Stored data:

<<<<

(* For every $\epsilon>0$ there exists $\delta>0$ such that, for $k<e^{\delta n}$ (where $n$ is the number of variables), no deterministic online width-cut-$k$ algorithm can achieve an asymptotic approximation ratio of $3/4+\epsilon$ for unweighted exact max-2-sat with input model 2.
   Context: Unweighted exact max-2-sat: the input is a CNF formula in which every clause has exactly two literals (all clause weights 1); the goal is an assignment maximizing the number of satisfied clauses. Online: variables arrive one at a time in adversarial order, each with a data item, and must be irrevocably assigned upon arrival. In input model 2, the data item of a variable consists of the names (and weights) of the clauses in which it appears positively and those in which it appears negatively, the length of each such clause, and for each such clause the names of the other variables occurring in it (but not the signs of those other variables). Width-cut-$k$ model: the algorithm maintains a tree of partial assignments, the root being the empty assignment at level 0; when the $i$-th variable is processed each node at level $i-1$ may get any number of children (including zero, i.e. be cut), each extending it by a value for that variable; at most $k$ nodes may exist at each level; at the end the best complete assignment is output. The asymptotic approximation ratio of $\mathbb{A}$ is $\liminf_{n}\inf_{I\in\mathcal{I}_n} v(\mathbb{A},I)/v(I)$, where $\mathcal{I}_n$ are the instances of size $n$, $v(\mathbb{A},I)$ is the algorithm's value and $v(I)$ the optimum. *)

theory Defs
  imports "HOL-Analysis.Analysis"
begin

(* Variables and clause names are natural numbers.
   A literal is (variable, sign); sign True = positive occurrence. *)
type_synonym lit = "nat \<times> bool"

(* An exact max-2-sat instance presented online:
     xs  : the variables in their (adversarial) order of arrival (distinct);
     C   : the finite set of clause names;
     cl  : clause name \<mapsto> its two literals (on two distinct variables).
   All clause weights are 1 (unweighted).  The size n of the instance is length xs. *)
definition wf_instance :: "nat list \<Rightarrow> nat set \<Rightarrow> (nat \<Rightarrow> lit \<times> lit) \<Rightarrow> bool" where
  "wf_instance xs C cl \<longleftrightarrow> distinct xs \<and> finite C \<and>
     (\<forall>c\<in>C. fst (fst (cl c)) \<in> set xs \<and> fst (snd (cl c)) \<in> set xs \<and>
             fst (fst (cl c)) \<noteq> fst (snd (cl c)))"

definition lit_sat :: "(nat \<Rightarrow> bool) \<Rightarrow> lit \<Rightarrow> bool" where
  "lit_sat a l \<longleftrightarrow> a (fst l) = snd l"

definition num_sat :: "(nat \<Rightarrow> bool) \<Rightarrow> nat set \<Rightarrow> (nat \<Rightarrow> lit \<times> lit) \<Rightarrow> nat" where
  "num_sat a C cl = card {c\<in>C. lit_sat a (fst (cl c)) \<or> lit_sat a (snd (cl c))}"

definition opt_val :: "nat set \<Rightarrow> (nat \<Rightarrow> lit \<times> lit) \<Rightarrow> nat" where
  "opt_val C cl = Max ((\<lambda>a. num_sat a C cl) ` UNIV)"
lemma card_inter_improved_eqD:
  assumes "finite b" "finite b'" "a \<inter> b \<noteq> {}" "a \<inter> b \<subseteq> b'" "b' \<subseteq> a \<or> b' \<subseteq> b" "b' \<noteq> b"
    and eq: "card b' * card (a \<inter> b) = card b * card (a \<inter> b')"
  shows "b \<subseteq> a" and "card (a \<inter> b) < card (a \<inter> b')"
proof -
  have pos: "0 < card (a \<inter> b)" "0 < card b'" using assms by (auto simp: card_gt_0_iff)
  have "b' \<subseteq> a"
  proof (rule ccontr)
    assume "\<not> b' \<subseteq> a"
    then have "b' \<subseteq> b" "a \<inter> b' = a \<inter> b" using assms by blast+
    then have "card b' = card b" using eq pos by simp
    then show False using card_subset_eq[OF \<open>finite b\<close> \<open>b' \<subseteq> b\<close>] \<open>b' \<noteq> b\<close> by blast
  qed
  then have "a \<inter> b' = b'" by blast
  then have "card (a \<inter> b) = card b" using eq pos by simp
  then show "b \<subseteq> a" using card_subset_eq[OF \<open>finite b\<close>, of "a \<inter> b"] by blast
  then have "b \<subset> b'" using \<open>a \<inter> b \<subseteq> b'\<close> \<open>b' \<noteq> b\<close> by blast
  then show "card (a \<inter> b) < card (a \<inter> b')"
    using \<open>a \<inter> b' = b'\<close> \<open>card (a \<inter> b) = card b\<close> psubset_card_mono[OF \<open>finite b'\<close>] by simp
qed

lemma agrees_iff_block: "agrees P Q x y \<longleftrightarrow> (y \<in> block P x \<longleftrightarrow> y \<in> block Q x)"
  by (simp add: agrees_def same_cluster_def block_def)

locale agreement_preserving =
  fixes S :: "nat set" and A B B' :: "nat set set"
  assumes A: "partition_on S A" and B: "partition_on S B" and B': "partition_on S B'"
    and preserves: "\<And>x y. x \<in> S \<Longrightarrow> y \<in> S \<Longrightarrow> x \<noteq> y \<Longrightarrow> agrees A B x y \<Longrightarrow> agrees A B' x y"
begin

lemma block_inter_subset:
  assumes x: "x \<in> S"
  shows "block A x \<inter> block B x \<subseteq> block B' x"
proof
  fix y assume y: "y \<in> block A x \<inter> block B x"
  show "y \<in> block B' x"
  proof (cases "y = x")
    case True then show ?thesis using in_block_self[OF B' x] by simp
  next
    case False
    have "y \<in> S" using y block_subset[OF A x] by blast
    then show ?thesis using y preserves[OF x _ False[symmetric]] by (simp add: agrees_iff_block)
  qed
qed

lemma mem_block_if_separated:
  assumes x: "x \<in> S" and "y \<in> block B' x" "y \<notin> block A x"
  shows "y \<in> block B x"
proof -
  have "y \<in> S" "x \<noteq> y" using assms block_subset[OF B' x] in_block_self[OF A x] by auto
  then show ?thesis using assms preserves[OF x] by (auto simp: agrees_iff_block)
qed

>>>>

Required work: Print only the lines running from the one with "fix y assume" to the final line of the data above, each exactly as it appears.

Output of the exercise:
  fix y assume y: "y \<in> block A x \<inter> block B x"
  show "y \<in> block B' x"
  proof (cases "y = x")
    case True then show ?thesis using in_block_self[OF B' x] by simp
  next
    case False
    have "y \<in> S" using y block_subset[OF A x] by blast
    then show ?thesis using y preserves[OF x _ False[symmetric]] by (simp add: agrees_iff_block)
  qed
qed

lemma mem_block_if_separated:
  assumes x: "x \<in> S" and "y \<in> block B' x" "y \<notin> block A x"
  shows "y \<in> block B x"
proof -
  have "y \<in> S" "x \<noteq> y" using assms block_subset[OF B' x] in_block_self[OF A x] by auto
  then show ?thesis using assms preserves[OF x] by (auto simp: agrees_iff_block)
qed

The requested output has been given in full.